-- Data section follows --
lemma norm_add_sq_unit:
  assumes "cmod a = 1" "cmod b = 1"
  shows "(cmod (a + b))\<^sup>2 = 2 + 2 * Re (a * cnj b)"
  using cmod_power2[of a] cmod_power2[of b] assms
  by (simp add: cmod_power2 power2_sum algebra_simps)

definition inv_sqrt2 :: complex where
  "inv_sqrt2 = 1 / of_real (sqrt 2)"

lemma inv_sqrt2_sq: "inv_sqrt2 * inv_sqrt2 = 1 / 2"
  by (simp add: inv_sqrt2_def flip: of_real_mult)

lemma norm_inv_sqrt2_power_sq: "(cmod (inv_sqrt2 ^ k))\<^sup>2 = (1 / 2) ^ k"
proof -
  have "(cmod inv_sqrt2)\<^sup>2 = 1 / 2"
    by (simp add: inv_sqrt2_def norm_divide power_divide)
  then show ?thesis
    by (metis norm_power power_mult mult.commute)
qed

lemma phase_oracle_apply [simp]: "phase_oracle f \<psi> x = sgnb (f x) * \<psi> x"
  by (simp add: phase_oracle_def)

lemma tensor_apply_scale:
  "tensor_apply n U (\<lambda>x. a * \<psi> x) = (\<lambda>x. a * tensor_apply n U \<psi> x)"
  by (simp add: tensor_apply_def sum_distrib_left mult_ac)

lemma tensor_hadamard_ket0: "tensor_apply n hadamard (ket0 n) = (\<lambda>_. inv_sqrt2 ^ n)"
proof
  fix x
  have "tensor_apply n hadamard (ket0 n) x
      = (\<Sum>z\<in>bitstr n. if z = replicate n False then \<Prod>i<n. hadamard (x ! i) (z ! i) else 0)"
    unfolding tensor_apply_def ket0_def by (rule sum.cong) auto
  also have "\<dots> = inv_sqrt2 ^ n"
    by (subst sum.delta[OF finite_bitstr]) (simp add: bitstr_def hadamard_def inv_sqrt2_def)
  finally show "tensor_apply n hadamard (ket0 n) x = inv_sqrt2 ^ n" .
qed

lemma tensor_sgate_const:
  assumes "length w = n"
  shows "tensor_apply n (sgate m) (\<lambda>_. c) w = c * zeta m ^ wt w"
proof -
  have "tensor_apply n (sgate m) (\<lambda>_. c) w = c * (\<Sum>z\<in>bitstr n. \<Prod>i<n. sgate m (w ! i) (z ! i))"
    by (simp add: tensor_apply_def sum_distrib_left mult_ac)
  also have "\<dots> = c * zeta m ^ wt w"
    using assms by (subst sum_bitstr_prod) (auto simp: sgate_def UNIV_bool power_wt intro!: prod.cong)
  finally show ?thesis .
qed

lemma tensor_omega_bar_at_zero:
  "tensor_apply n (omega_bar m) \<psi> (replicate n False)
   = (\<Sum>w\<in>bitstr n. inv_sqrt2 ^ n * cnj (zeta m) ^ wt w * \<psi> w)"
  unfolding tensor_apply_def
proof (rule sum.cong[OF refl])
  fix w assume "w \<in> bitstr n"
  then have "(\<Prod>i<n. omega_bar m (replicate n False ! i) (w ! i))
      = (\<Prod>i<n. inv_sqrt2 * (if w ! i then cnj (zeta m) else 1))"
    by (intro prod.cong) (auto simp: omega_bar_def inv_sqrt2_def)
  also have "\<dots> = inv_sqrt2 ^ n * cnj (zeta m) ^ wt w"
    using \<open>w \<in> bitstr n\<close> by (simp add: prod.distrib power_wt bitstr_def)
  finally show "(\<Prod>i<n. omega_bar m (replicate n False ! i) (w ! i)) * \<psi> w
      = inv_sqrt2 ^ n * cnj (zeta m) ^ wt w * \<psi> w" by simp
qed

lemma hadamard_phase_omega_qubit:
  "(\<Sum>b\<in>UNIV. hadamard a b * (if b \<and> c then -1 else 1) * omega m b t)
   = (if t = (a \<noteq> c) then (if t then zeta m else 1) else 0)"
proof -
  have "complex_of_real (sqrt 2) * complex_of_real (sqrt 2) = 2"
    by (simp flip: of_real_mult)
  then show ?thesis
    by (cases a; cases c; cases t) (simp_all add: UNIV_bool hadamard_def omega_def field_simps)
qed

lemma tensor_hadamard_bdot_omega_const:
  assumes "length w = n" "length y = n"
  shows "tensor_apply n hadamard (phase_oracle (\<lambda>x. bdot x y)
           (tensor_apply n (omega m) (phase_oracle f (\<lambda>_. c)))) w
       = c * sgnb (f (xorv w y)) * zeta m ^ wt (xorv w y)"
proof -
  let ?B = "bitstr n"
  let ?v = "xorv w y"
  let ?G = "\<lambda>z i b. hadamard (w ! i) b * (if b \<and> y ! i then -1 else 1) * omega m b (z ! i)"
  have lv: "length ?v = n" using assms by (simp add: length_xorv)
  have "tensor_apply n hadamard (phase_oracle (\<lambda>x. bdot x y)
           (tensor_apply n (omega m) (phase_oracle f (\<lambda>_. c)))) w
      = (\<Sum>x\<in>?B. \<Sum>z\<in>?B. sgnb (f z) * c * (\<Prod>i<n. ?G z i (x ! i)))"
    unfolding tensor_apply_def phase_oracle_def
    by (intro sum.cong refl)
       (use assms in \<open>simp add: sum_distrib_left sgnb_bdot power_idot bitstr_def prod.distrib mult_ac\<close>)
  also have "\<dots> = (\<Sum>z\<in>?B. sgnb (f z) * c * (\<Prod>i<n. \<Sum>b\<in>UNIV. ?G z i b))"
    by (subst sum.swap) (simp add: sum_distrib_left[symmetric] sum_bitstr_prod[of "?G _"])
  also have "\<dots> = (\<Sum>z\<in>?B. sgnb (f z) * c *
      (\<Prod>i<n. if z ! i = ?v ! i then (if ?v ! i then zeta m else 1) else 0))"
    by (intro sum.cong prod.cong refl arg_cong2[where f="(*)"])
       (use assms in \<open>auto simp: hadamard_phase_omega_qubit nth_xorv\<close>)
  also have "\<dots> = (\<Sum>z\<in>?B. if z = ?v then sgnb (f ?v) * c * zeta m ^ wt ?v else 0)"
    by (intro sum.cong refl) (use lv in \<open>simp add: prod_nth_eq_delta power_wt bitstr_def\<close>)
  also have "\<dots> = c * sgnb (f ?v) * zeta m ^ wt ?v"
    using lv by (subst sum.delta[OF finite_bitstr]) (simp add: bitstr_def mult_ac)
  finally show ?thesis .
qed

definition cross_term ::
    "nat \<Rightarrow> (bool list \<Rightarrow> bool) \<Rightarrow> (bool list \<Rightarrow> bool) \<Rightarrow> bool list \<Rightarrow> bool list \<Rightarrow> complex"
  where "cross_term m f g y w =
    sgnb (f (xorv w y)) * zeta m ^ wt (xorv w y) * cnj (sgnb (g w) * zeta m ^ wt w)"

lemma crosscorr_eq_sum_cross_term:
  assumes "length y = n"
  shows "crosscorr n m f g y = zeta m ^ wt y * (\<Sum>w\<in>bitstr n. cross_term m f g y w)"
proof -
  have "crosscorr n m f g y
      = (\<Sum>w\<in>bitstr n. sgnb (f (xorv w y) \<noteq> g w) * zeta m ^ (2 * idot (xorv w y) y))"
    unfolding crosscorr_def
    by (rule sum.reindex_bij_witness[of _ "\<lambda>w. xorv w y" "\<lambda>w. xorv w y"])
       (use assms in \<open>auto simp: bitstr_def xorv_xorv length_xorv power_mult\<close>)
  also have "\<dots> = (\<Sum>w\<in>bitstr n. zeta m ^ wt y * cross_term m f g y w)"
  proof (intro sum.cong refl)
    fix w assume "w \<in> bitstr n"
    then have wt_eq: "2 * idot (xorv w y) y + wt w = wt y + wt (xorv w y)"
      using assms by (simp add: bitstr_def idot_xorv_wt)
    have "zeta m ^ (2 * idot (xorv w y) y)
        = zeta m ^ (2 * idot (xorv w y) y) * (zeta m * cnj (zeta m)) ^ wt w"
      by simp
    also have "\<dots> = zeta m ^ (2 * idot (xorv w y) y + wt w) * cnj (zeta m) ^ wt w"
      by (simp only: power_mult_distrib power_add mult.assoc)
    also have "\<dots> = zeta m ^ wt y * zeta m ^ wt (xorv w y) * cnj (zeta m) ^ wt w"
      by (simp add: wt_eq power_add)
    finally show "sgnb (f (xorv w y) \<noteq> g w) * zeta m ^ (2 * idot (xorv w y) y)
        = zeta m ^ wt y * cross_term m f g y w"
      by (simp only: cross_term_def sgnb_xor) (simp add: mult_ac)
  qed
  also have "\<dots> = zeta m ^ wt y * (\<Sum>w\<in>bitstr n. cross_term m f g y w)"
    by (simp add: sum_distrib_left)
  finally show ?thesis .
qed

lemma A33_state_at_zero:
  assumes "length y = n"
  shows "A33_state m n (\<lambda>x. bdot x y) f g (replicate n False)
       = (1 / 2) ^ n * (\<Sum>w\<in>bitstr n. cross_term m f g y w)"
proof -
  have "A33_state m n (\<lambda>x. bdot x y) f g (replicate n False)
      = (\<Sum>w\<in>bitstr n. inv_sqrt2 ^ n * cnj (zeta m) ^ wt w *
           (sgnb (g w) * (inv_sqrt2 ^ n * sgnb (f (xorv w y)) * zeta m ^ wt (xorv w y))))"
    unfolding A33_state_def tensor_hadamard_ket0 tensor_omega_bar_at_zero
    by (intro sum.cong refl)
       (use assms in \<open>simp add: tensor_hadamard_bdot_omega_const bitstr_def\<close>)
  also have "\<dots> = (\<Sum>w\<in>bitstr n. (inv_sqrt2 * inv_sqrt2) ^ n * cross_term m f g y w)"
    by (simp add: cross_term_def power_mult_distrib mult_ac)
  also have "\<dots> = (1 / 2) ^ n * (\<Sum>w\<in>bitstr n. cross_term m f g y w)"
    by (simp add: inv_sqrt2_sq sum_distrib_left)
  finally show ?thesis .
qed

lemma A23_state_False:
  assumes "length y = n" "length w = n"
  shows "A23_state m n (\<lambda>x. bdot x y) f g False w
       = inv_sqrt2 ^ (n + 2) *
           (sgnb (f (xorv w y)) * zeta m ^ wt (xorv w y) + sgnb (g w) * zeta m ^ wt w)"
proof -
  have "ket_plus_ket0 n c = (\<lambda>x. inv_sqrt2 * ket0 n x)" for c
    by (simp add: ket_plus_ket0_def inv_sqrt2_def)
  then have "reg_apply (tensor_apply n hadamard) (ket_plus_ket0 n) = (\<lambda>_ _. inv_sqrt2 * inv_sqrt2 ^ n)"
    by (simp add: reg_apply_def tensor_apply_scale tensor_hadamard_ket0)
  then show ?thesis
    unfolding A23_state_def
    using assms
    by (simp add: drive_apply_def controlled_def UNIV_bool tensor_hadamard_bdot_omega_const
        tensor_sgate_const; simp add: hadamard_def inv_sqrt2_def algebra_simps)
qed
-- Data section concluded --
-- Data section follows --
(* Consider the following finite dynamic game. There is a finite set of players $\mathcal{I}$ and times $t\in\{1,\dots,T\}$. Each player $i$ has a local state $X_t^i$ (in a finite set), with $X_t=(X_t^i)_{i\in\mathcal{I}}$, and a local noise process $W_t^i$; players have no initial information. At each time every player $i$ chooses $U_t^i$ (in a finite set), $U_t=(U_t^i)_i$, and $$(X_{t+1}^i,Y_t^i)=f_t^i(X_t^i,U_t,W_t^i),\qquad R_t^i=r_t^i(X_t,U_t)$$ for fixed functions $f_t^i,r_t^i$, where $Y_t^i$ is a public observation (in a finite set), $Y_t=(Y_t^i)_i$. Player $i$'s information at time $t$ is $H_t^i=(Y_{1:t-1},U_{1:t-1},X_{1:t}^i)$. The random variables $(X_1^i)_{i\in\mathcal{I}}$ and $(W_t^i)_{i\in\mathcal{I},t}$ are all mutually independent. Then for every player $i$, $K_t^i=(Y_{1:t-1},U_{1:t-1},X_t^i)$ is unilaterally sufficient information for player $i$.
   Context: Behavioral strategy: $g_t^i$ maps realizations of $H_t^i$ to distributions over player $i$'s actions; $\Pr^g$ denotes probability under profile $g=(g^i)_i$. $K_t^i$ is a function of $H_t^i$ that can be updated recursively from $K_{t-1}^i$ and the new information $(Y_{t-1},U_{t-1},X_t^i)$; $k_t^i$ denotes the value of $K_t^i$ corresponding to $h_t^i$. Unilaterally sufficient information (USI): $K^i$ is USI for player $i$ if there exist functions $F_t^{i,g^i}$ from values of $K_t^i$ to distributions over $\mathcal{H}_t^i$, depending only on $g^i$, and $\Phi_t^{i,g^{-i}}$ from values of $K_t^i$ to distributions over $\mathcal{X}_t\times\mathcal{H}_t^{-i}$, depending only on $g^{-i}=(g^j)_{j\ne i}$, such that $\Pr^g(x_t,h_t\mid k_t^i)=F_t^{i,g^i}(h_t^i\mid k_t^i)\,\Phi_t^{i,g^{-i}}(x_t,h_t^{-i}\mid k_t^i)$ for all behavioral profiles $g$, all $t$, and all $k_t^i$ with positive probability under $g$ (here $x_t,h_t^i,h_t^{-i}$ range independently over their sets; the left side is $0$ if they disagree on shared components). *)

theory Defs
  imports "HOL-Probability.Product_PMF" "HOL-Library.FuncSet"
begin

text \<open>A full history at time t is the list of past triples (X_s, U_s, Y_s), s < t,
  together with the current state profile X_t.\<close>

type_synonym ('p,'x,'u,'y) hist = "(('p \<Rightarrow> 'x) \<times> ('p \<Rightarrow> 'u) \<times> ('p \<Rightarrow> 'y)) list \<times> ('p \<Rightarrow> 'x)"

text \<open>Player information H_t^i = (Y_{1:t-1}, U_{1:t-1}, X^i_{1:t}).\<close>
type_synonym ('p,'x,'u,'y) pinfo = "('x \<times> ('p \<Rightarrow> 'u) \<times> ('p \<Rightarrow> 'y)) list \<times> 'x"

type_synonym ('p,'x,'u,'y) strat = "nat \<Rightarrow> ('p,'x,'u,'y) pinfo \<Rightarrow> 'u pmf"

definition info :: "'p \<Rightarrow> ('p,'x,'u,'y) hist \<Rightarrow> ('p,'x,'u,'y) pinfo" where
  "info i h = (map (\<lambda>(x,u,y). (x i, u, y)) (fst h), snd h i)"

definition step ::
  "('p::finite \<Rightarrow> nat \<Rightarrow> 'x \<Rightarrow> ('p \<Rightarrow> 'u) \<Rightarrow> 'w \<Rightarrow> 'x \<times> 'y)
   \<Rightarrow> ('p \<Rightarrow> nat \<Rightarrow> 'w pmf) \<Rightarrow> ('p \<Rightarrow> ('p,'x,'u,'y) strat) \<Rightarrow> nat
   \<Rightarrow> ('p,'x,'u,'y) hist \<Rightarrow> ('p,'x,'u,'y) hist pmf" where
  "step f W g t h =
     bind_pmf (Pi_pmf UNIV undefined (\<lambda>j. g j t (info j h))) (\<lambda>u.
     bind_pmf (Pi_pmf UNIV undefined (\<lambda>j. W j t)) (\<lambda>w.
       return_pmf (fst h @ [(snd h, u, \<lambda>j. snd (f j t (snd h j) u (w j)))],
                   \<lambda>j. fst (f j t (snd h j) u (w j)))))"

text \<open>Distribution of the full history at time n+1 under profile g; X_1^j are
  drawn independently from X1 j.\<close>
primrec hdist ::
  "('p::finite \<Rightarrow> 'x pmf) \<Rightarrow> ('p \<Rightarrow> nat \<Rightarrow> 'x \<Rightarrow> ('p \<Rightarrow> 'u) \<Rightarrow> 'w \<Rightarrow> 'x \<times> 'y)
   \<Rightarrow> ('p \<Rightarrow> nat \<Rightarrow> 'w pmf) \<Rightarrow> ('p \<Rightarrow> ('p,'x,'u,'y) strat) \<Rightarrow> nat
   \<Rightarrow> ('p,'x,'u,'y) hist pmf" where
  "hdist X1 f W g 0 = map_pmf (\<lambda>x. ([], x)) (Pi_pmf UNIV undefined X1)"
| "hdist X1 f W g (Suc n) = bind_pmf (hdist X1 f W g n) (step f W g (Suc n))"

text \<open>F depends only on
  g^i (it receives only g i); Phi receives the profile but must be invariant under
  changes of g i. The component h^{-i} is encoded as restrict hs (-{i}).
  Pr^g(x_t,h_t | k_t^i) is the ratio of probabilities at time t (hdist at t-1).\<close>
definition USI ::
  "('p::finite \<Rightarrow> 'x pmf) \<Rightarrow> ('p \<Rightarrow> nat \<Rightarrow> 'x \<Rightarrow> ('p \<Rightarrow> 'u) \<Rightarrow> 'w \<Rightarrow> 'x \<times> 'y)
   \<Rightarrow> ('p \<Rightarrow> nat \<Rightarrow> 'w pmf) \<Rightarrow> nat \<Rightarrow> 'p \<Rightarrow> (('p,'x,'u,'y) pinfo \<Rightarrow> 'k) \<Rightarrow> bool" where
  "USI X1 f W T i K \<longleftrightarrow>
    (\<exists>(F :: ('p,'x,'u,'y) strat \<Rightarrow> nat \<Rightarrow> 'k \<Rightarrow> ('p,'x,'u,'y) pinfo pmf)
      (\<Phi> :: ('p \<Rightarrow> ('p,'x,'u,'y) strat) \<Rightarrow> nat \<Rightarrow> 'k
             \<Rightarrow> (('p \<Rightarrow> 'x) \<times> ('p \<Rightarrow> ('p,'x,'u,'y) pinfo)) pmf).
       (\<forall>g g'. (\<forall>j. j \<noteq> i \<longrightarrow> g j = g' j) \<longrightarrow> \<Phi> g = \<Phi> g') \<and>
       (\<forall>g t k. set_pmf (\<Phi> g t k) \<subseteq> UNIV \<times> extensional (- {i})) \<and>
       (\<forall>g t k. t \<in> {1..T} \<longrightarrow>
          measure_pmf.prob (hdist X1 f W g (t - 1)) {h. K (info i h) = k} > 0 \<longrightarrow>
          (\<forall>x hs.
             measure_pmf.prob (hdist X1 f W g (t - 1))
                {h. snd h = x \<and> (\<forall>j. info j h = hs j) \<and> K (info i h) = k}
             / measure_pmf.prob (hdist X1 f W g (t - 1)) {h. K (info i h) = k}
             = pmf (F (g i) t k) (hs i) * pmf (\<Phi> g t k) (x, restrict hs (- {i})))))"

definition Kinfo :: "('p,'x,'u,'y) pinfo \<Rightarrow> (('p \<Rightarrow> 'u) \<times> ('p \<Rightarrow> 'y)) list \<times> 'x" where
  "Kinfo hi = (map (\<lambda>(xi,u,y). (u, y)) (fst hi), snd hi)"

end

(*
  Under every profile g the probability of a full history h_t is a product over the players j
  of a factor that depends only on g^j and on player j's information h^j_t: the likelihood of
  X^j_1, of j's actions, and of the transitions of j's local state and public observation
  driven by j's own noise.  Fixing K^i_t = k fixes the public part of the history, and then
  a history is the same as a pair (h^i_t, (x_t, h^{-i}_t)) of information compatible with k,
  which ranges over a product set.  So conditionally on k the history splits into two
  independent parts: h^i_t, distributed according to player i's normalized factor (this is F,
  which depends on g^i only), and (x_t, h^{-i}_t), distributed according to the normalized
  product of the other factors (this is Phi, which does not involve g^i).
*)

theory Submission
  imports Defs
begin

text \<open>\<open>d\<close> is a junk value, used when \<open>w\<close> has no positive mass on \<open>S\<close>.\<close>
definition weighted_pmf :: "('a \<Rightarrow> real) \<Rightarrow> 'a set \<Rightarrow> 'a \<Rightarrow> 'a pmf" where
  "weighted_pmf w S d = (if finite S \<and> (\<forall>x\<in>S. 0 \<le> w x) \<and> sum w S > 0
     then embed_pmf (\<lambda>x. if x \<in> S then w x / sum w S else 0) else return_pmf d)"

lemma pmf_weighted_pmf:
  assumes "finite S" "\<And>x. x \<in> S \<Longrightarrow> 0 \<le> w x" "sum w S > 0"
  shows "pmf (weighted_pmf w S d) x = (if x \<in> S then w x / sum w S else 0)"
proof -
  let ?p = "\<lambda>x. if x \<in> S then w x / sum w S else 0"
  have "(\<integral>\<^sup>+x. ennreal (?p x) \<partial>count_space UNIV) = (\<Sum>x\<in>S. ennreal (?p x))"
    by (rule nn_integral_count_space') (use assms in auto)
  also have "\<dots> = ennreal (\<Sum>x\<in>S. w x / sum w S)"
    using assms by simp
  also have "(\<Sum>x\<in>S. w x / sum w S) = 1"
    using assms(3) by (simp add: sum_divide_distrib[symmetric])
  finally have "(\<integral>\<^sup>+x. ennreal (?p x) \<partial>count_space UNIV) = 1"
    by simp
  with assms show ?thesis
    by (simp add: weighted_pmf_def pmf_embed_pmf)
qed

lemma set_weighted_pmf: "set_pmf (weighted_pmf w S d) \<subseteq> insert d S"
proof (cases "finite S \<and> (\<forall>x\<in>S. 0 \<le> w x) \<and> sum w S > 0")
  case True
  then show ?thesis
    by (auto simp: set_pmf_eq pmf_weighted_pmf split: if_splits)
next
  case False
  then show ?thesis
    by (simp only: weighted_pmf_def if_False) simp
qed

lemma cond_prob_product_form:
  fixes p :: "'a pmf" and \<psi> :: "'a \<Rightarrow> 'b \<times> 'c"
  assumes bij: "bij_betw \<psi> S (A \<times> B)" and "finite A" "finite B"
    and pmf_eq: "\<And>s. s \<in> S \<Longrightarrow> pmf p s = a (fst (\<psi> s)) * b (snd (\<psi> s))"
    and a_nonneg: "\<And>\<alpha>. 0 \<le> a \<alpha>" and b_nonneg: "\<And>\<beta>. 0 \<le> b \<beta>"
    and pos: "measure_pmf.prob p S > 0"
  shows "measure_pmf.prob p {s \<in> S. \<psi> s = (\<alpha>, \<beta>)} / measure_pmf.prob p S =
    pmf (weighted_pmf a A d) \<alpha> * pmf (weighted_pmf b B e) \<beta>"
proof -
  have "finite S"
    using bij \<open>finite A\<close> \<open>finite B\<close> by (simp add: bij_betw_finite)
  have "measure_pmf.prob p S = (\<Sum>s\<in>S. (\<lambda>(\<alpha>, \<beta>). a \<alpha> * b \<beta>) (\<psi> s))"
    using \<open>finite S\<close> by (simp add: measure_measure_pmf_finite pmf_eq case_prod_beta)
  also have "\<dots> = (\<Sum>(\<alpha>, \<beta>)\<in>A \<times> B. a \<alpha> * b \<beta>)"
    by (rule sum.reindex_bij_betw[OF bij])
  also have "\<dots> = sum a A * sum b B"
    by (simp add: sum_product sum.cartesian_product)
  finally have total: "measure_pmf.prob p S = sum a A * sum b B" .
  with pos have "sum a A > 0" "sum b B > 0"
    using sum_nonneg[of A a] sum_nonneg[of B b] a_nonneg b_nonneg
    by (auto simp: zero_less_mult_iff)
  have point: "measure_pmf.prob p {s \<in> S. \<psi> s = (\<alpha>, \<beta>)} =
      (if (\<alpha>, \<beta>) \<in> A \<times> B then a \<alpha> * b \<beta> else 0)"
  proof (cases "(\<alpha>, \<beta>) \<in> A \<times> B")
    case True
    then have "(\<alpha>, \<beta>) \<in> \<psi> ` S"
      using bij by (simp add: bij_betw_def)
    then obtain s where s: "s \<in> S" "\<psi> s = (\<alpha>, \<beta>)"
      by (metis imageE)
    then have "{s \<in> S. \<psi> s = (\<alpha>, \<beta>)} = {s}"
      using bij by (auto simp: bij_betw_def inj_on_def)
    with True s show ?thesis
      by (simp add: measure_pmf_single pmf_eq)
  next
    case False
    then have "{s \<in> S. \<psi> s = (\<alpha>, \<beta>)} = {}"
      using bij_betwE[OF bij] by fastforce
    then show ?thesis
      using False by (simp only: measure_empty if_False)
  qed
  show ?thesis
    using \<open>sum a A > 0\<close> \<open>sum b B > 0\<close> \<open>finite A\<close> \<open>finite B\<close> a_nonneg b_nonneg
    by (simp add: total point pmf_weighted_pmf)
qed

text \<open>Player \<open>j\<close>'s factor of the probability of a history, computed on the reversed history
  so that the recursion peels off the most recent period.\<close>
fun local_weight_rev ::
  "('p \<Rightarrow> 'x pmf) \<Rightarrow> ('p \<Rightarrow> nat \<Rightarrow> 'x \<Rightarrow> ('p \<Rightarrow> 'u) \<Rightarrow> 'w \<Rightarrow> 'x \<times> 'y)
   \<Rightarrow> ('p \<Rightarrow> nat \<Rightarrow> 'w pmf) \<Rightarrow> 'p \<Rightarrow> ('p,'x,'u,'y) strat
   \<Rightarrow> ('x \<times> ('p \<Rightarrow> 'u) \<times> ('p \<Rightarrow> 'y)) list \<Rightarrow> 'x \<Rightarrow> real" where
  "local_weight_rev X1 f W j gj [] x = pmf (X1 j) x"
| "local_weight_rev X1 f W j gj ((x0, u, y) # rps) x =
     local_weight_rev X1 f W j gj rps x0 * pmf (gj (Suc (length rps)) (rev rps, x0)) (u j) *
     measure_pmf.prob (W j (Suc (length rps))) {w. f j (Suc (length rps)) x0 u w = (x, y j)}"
-- Data section concluded --
» Problem description
Find how many lines in the listing hold "value", and reply with that number only.

» Answer area
2